Designated low credit scores. Community-care types, the disabled, drug addicts, special needs, single mums, anti-social families and petty criminals had turned the picture postcard into a bully’s paradise.

  ‘Hi Wayne,’ I said, giving a slight bow, ‘You don’t know how much of a great honour this is. Your name is spreading far and wide. The reputation of The Family has reached London. Me and my friend Paul (Paul Ashton – News of the World snapper, later picture editor) are also followers of the Carpathian religion. We’ve heard about your great work. Respectfully, we’ve come down to ask your permission to set up a branch of our own.’

  Crushed by a life of abuse and low self-esteem, Wayne was visibly blown away that someone had finally recognised his talents and come all the way down from London to seek his wisdom. His acolytes, a couple of pot-heads and girls wearing dirty tracksuit bottoms, were bewildered. But I knew Phelps’ prison cunning wouldn’t take long to roll with the flow. Within seconds he puffed himself up, and looked at his friends as though to say: ‘I told you so – all this stuff I’ve been telling you about my powers is true.’

  ‘I’ll have to make sure that you’re proper vampires,’ he said to me, getting carried away with himself. ‘We’re a serious outfit and we’ve got no time for time-wasters. We drink each other’s blood about once a month. It’s a ritual that makes The Family stronger. And the girls like it as well.’

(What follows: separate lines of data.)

lemma weyl_block_index: "i < 3 \<Longrightarrow> j < 3 \<Longrightarrow> weyl_block H $$ (1 + i, 4 + j) = H $$ (i, j)"
  by (auto simp: weyl_block_def)

lemma rank_weyl_block_le:
  fixes H B B' :: "'a :: field mat"
  assumes H: "H \<in> carrier_mat 3 3" and B: "B \<in> carrier_mat 3 3" and B': "B' \<in> carrier_mat 3 3"
    and inv: "B * B' = 1\<^sub>m 3" and "r \<le> 3"
    and vanish: "\<And>i k. i < 3 \<Longrightarrow> r \<le> k \<Longrightarrow> k < 3 \<Longrightarrow> (H * B) $$ (i, k) = 0"
  shows "vec_space.rank 10 (weyl_block H) \<le> r"
proof -
  define C where "C = H * B"
  have C: "C \<in> carrier_mat 3 3" using H B by (simp add: C_def)
  have C_vanish: "C $$ (i, k) = 0" if "i < 3" "r \<le> k" "k < 3" for i k
    unfolding C_def using that by (rule vanish)
  have H_eq: "H $$ (a,b) = (\<Sum>k<r. C $$ (a,k) * B' $$ (k,b))" if "a < 3" "b < 3" for a b
  proof -
    have "C * B' = H"
      using H inv by (simp add: C_def assoc_mult_mat[OF H B B'])
    then have "H $$ (a,b) = (C * B') $$ (a,b)" by simp
    also have "\<dots> = (\<Sum>k<3. C $$ (a,k) * B' $$ (k,b))"
      using C B' that by (simp add: scalar_prod_def atLeast0LessThan)
    also have "\<dots> = (\<Sum>k<r. C $$ (a,k) * B' $$ (k,b))"
      using C_vanish that \<open>r \<le> 3\<close> by (intro sum.mono_neutral_right) auto
    finally show ?thesis .
  qed
  have "weyl_block H = mat 10 10 (\<lambda>(i,j). \<Sum>k<r.
      (if i \<in> {1,2,3} then C $$ (i - 1, k) else 0) * (if j \<in> {4,5,6} then B' $$ (k, j - 4) else 0))"
    by (rule eq_matI) (auto simp: weyl_block_def H_eq)
  then show ?thesis by (simp only:) (rule rank_sum_of_products_le)
qed

section \<open>Jordan normal form of the Weyl operator\<close>

lemma similar_mat_if_intertwining:
  fixes A P J :: "'a :: field mat"
  assumes A: "A \<in> carrier_mat n n" and P: "P \<in> carrier_mat n n" and J: "J \<in> carrier_mat n n"
    and inj: "\<And>v. v \<in> carrier_vec n \<Longrightarrow> P *\<^sub>v v = 0\<^sub>v n \<Longrightarrow> v = 0\<^sub>v n"
    and AP: "A * P = P * J"
  shows "similar_mat A J"
proof -
  have "det P \<noteq> 0" using det_0_iff_vec_prod_zero_field[OF P] inj by blast
  from det_non_zero_imp_unit[OF P this, unfolded Units_def, of "()"]
  obtain Q where Q: "Q \<in> carrier_mat n n" and QP: "Q * P = 1\<^sub>m n" and PQ: "P * Q = 1\<^sub>m n"
    by (auto simp: ring_mat_def)
  have "P * J * Q = A * (P * Q)" using A P Q by (simp add: AP[symmetric] assoc_mult_mat)
  then have "A = P * J * Q" using A PQ by simp
  then show ?thesis using A P J Q PQ QP by (intro similar_matI[of A J P Q n]) auto
qed

lemma solve_3_homogeneous:
  fixes A :: "'a :: field mat"
  assumes A: "A \<in> carrier_mat 3 3" and "det A \<noteq> 0"
    and eqs: "\<And>i. i < 3 \<Longrightarrow> A $$ (i,0) * x + A $$ (i,1) * y + A $$ (i,2) * z = 0"
  shows "x = 0 \<and> y = 0 \<and> z = 0"
proof -
  define w where "w = vec 3 (\<lambda>i. if i = 0 then x else if i = 1 then y else z)"
  have w: "w \<in> carrier_vec 3" by (simp add: w_def)
  have "A *\<^sub>v w = 0\<^sub>v 3"
  proof (rule eq_vecI)
    fix i assume "i < dim_vec (0\<^sub>v 3 :: 'a vec)"
    then show "(A *\<^sub>v w) $ i = 0\<^sub>v 3 $ i"
      using A eqs[of i] by (simp add: w_def scalar_prod_def sum_lessThan_3 atLeast0LessThan)
  qed (use A in simp)
  then have "w = 0\<^sub>v 3" using det_0_iff_vec_prod_zero_field[OF A] assms(2) w by blast
  then have "w $ 0 = 0" "w $ 1 = 0" "w $ 2 = 0" by auto
  then show ?thesis by (simp add: w_def)
qed

definition rank_normal_form :: "'a :: field mat \<Rightarrow> nat \<Rightarrow> 'a mat \<Rightarrow> 'a mat \<Rightarrow> bool" where
  "rank_normal_form H r B C \<longleftrightarrow> B \<in> carrier_mat 3 3 \<and> C \<in> carrier_mat 3 3 \<and> det B \<noteq> 0 \<and> det C \<noteq> 0
     \<and> (\<forall>i<3. \<forall>k<3. (H * B) $$ (i,k) = (if k < r then C $$ (i,k) else 0))"

(* Columns 2k, 2k+1 hold c_k in the l\<wedge>m slots and b_k in the n\<wedge>m slots, so for k < r they
   form a Jordan chain of the Weyl operator; the last four columns are l\<wedge>n and the m_i\<wedge>m_j. *)
definition chain_basis :: "'a :: {zero,one} mat \<Rightarrow> 'a mat \<Rightarrow> 'a mat" where
  "chain_basis B C = mat 10 10 (\<lambda>(i,j).
     if i \<in> {1,2,3} \<and> j \<in> {0,2,4} then C $$ (i - 1, j div 2)
     else if i \<in> {4,5,6} \<and> j \<in> {1,3,5} then B $$ (i - 4, j div 2)
     else if (i,j) \<in> {(0,6),(7,7),(8,8),(9,9)} then 1 else 0)"

definition sq_zero_jordan :: "nat \<Rightarrow> 'a :: {zero,one} mat" where
  "sq_zero_jordan r = mat 10 10 (\<lambda>(i,j). if even i \<and> i < 2 * r \<and> j = Suc i then 1 else 0)"

lemma jordan_matrix_eq_sq_zero_jordan_3:
  "jordan_matrix [(2,0),(2,0),(2,0),(1,0),(1,0),(1,0),(1,0)] = (sq_zero_jordan 3 :: 'a :: {zero,one} mat)"
proof (rule eq_matI)
  fix i j assume "i < dim_row (sq_zero_jordan 3 :: 'a mat)" "j < dim_col (sq_zero_jordan 3 :: 'a mat)"
  then have i: "i < 10" and j: "j < 10" by (simp_all add: sq_zero_jordan_def)
  show "jordan_matrix [(2,0),(2,0),(2,0),(1,0),(1,0),(1,0),(1,0)] $$ (i,j) = (sq_zero_jordan 3 :: 'a mat) $$ (i,j)"
    using less_10_cases[OF i] less_10_cases[OF j]
    by (elim disjE; simp add: sq_zero_jordan_def jordan_matrix_def Let_def)
qed (auto simp: sq_zero_jordan_def)

lemma jordan_matrix_eq_sq_zero_jordan_2:
  "jordan_matrix [(2,0),(2,0),(1,0),(1,0),(1,0),(1,0),(1,0),(1,0)] = (sq_zero_jordan 2 :: 'a :: {zero,one} mat)"
proof (rule eq_matI)
  fix i j assume "i < dim_row (sq_zero_jordan 2 :: 'a mat)" "j < dim_col (sq_zero_jordan 2 :: 'a mat)"
  then have i: "i < 10" and j: "j < 10" by (simp_all add: sq_zero_jordan_def)
  show "jordan_matrix [(2,0),(2,0),(1,0),(1,0),(1,0),(1,0),(1,0),(1,0)] $$ (i,j) = (sq_zero_jordan 2 :: 'a mat) $$ (i,j)"
    using less_10_cases[OF i] less_10_cases[OF j]
    by (elim disjE; simp add: sq_zero_jordan_def jordan_matrix_def Let_def)
qed (auto simp: sq_zero_jordan_def)

lemma rank_normal_formD:
  assumes "rank_normal_form H r B C" "H \<in> carrier_mat 3 3" "i < 3" "k < 3"
  shows "H $$ (i,0) * B $$ (0,k) + H $$ (i,1) * B $$ (1,k) + H $$ (i,2) * B $$ (2,k)
    = (if k < r then C $$ (i,k) else 0)"
proof -
  have "B \<in> carrier_mat 3 3" "\<forall>i<3. \<forall>k<3. (H * B) $$ (i,k) = (if k < r then C $$ (i,k) else 0)"
    using assms(1) by (auto simp: rank_normal_form_def)
  then show ?thesis
    using assms(2-) by (auto simp: scalar_prod_def sum_lessThan_3 atLeast0LessThan)
qed

lemma weyl_block_mult_index:
  assumes "P \<in> carrier_mat 10 nc" "i < 10" "j < nc"
  shows "(weyl_block H * P) $$ (i,j)
    = (if i \<in> {1,2,3} then H $$ (i-1,0) * P $$ (4,j) + H $$ (i-1,1) * P $$ (5,j) + H $$ (i-1,2) * P $$ (6,j) else 0)"
  using assms by (simp add: weyl_block_def scalar_prod_def atLeast0LessThan sum_lessThan_10)

lemma mult_sq_zero_jordan_index:
  fixes P :: "'a :: semiring_1 mat"
  assumes "P \<in> carrier_mat n 10" "i < n" "j < 10"
  shows "(P * sq_zero_jordan r) $$ (i,j) = (if odd j \<and> j < 2 * r then P $$ (i, j - 1) else 0)"
  using assms less_10_cases[OF assms(3)]
  by (elim disjE; simp add: sq_zero_jordan_def scalar_prod_def atLeast0LessThan sum_lessThan_10)

lemma weyl_block_chain_basis:
  assumes nf: "rank_normal_form H r B C" and H: "H \<in> carrier_mat 3 3" and "r \<le> 3"
  shows "weyl_block H * chain_basis B C = chain_basis B C * sq_zero_jordan r"
proof (rule eq_matI)
  fix i j assume "i < dim_row (chain_basis B C * sq_zero_jordan r)" "j < dim_col (chain_basis B C * sq_zero_jordan r)"
  then have i: "i < 10" and j: "j < 10" by (simp_all add: chain_basis_def sq_zero_jordan_def)
  have P: "chain_basis B C \<in> carrier_mat 10 10" by (simp add: chain_basis_def)
  show "(weyl_block H * chain_basis B C) $$ (i,j) = (chain_basis B C * sq_zero_jordan r) $$ (i,j)"
    unfolding weyl_block_mult_index[OF P i j] mult_sq_zero_jordan_index[OF P i j]
    using i less_10_cases[OF j] rank_normal_formD[OF nf H, of "i - 1"] \<open>r \<le> 3\<close>
    by (elim disjE; auto simp: chain_basis_def)
qed (simp_all add: weyl_block_def chain_basis_def sq_zero_jordan_def)

lemma chain_basis_injective:
  fixes B C :: "'a :: field mat"
  assumes B: "B \<in> carrier_mat 3 3" "det B \<noteq> 0" and C: "C \<in> carrier_mat 3 3" "det C \<noteq> 0"
    and v: "v \<in> carrier_vec 10" and Pv: "chain_basis B C *\<^sub>v v = 0\<^sub>v 10"
  shows "v = 0\<^sub>v 10"
proof -
  have row: "(\<Sum>k<10. chain_basis B C $$ (r,k) * v $ k) = 0" if "r < 10" for r
  proof -
    have "(chain_basis B C *\<^sub>v v) $ r = 0" using Pv that by simp
    then show ?thesis using that v by (simp add: chain_basis_def scalar_prod_def atLeast0LessThan)
  qed
  have "v $ 6 = 0" "v $ 7 = 0" "v $ 8 = 0" "v $ 9 = 0"
    using row[of 0] row[of 7] row[of 8] row[of 9] by (simp_all add: chain_basis_def sum_lessThan_10)
  moreover have "v $ 0 = 0 \<and> v $ 2 = 0 \<and> v $ 4 = 0"
  proof (rule solve_3_homogeneous[OF C])
    show "C $$ (i,0) * v $ 0 + C $$ (i,1) * v $ 2 + C $$ (i,2) * v $ 4 = 0" if "i < 3" for i
      using row[of "Suc i"] less_3_cases[OF that] by (elim disjE; simp add: chain_basis_def sum_lessThan_10)
  qed
  moreover have "v $ 1 = 0 \<and> v $ 3 = 0 \<and> v $ 5 = 0"
  proof (rule solve_3_homogeneous[OF B])
    show "B $$ (i,0) * v $ 1 + B $$ (i,1) * v $ 3 + B $$ (i,2) * v $ 5 = 0" if "i < 3" for i
      using row[of "4 + i"] less_3_cases[OF that] by (elim disjE; simp add: chain_basis_def sum_lessThan_10)
  qed
  ultimately show ?thesis
    using v by (intro eq_vecI) (auto dest!: less_10_cases)
qed

lemma similar_weyl_block_sq_zero_jordan:
  fixes H :: "'a :: field mat"
  assumes nf: "rank_normal_form H r B C" and H: "H \<in> carrier_mat 3 3" and "r \<le> 3"
  shows "similar_mat (weyl_block H) (sq_zero_jordan r)"
proof (rule similar_mat_if_intertwining)
  show "weyl_block H * chain_basis B C = chain_basis B C * sq_zero_jordan r"
    by (rule weyl_block_chain_basis[OF assms])
  show "v = 0\<^sub>v 10" if "v \<in> carrier_vec 10" "chain_basis B C *\<^sub>v v = 0\<^sub>v 10" for v
    using chain_basis_injective[OF _ _ _ _ that] nf by (simp add: rank_normal_form_def)
qed (simp_all add: weyl_block_def chain_basis_def sq_zero_jordan_def)

lemma rank_weyl_block_le_rank_normal_form:
  fixes H :: "'a :: field mat"
  assumes nf: "rank_normal_form H r B C" and H: "H \<in> carrier_mat 3 3" and "r \<le> 3"
  shows "vec_space.rank 10 (weyl_block H) \<le> r"
proof -
  have B: "B \<in> carrier_mat 3 3" "det B \<noteq> 0" using nf by (simp_all add: rank_normal_form_def)
  from det_non_zero_imp_unit[OF B, unfolded Units_def, of "()"]
  obtain B' where B': "B' \<in> carrier_mat 3 3" and "B * B' = 1\<^sub>m 3"
    by (auto simp: ring_mat_def)
  then show ?thesis
    using nf \<open>r \<le> 3\<close> by (intro rank_weyl_block_le[OF H B(1) B']) (auto simp: rank_normal_form_def)
qed

lemma rank_normal_form_nonsingular:
  assumes "H \<in> carrier_mat 3 3" "det H \<noteq> 0"
  shows "rank_normal_form H 3 (1\<^sub>m 3) H"
  using assms by (simp add: rank_normal_form_def)

lemma rank_normal_form_singular:
  fixes H :: "'a :: field mat"
  assumes H: "H \<in> carrier_mat 3 3" and "det H = 0" and "p < q" "q < 3"
    and minor: "H $$ (p,p) * H $$ (q,q) - H $$ (p,q) * H $$ (q,p) \<noteq> 0"
  obtains B C where "rank_normal_form H 2 B C"
proof -
  have "p = 0 \<and> q = 1 \<or> p = 0 \<and> q = 2 \<or> p = 1 \<and> q = 2" using \<open>p < q\<close> \<open>q < 3\<close> by arith
  then obtain m :: nat where pqm: "(p,q,m) \<in> {(0,1,2),(0,2,1),(1,2,0)}" by auto
  \<comment> \<open>B = (e_p, e_q, z) with z = row_p \<times> row_q spanning the kernel, C = (H e_p, H e_q, e_m).\<close>
  define z where "z i = (if i = p then H$$(p,q) * H$$(q,m) - H$$(p,m) * H$$(q,q)
      else if i = q then H$$(p,m) * H$$(q,p) - H$$(p,p) * H$$(q,m)
      else H$$(p,p) * H$$(q,q) - H$$(p,q) * H$$(q,p))" for i
  define B where "B = mat 3 3 (\<lambda>(i,j). if j = 0 then of_bool (i = p) else if j = 1 then of_bool (i = q) else z i)"
  define C where "C = mat 3 3 (\<lambda>(i,j). if j = 0 then H $$ (i,p) else if j = 1 then H $$ (i,q) else of_bool (i = m))"
  have B: "B \<in> carrier_mat 3 3" and C: "C \<in> carrier_mat 3 3" by (simp_all add: B_def C_def)
  have "det B \<noteq> 0" "det C \<noteq> 0"
    unfolding det_dim_3[OF B] det_dim_3[OF C] using pqm minor by (auto simp: B_def C_def z_def algebra_simps)
  moreover have "(H * B) $$ (i,k) = (if k < 2 then C $$ (i,k) else 0)" if "i < 3" "k < 3" for i k
  proof -
    have det: "H$$(0,0) * (H$$(1,1) * H$$(2,2) - H$$(1,2) * H$$(2,1))
       - H$$(1,0) * (H$$(0,1) * H$$(2,2) - H$$(0,2) * H$$(2,1))
       + H$$(2,0) * (H$$(0,1) * H$$(1,2) - H$$(0,2) * H$$(1,1)) = 0"
      using \<open>det H = 0\<close> det_dim_3[OF H] by simp
    show ?thesis
      using pqm less_3_cases[OF that(1)] less_3_cases[OF that(2)] H det
      by (auto simp: B_def C_def z_def scalar_prod_def sum_lessThan_3 atLeast0LessThan algebra_simps)
  qed
  ultimately have "rank_normal_form H 2 B C" using B C by (simp add: rank_normal_form_def)
  then show ?thesis by (rule that)
qed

  Every part of crap Britain has a Wayne Phelps. The Dungeons and Dragons kid who’s taken it a bit too far. Escaping into the fantasy world a bit too deep, probably to blot out the care home he’s in. Or the broken home that’s fucked him up. Banned from Games Workshop for robbing. Glue-sniffer. Rat breeder. Ouija board cutter-outer. I’ve met a few of these Warhammer-types who live a double life as a wizard of Mordor. Wayne called himself Vandarl, after an ancient Transylvanian, but quickly realised that he could get sly wanks off the local slags, by drama’ing up their sea-grey life in a mean, ageing town where happiness is a warm bus shelter. I got on to what was going on within seconds – no more than bizarre game of spin the bottle run by an over-active imagination. Given 50 grand’s worth of fee-paying education, Wayne would be working in the theatre today. But them’s the breaks. I was actually nearly reduced to tears thinking about Phelps. The squalor he lived in. Filling me with pity. The little life he’d literally dreamt up, down here on his own. He was only doing his best – I had loser mates like him back home. Not vampires – but just fucked-up doleite lads. But what am I going to do? Ring Ray and tell him that my Dracula tip, that so spellbound conference just a few hours before, is just kids who’ve watched The Lost Boys too many times? Or do I take Phelps’ low-level role-play and manipulate it up into a big ‘Hammer House of Horrors Devil-Worshipping’ exclusive that would excite our demographic because there were lots of mentions of virgins, the word ‘sucking’ and flashes of firm young breasts?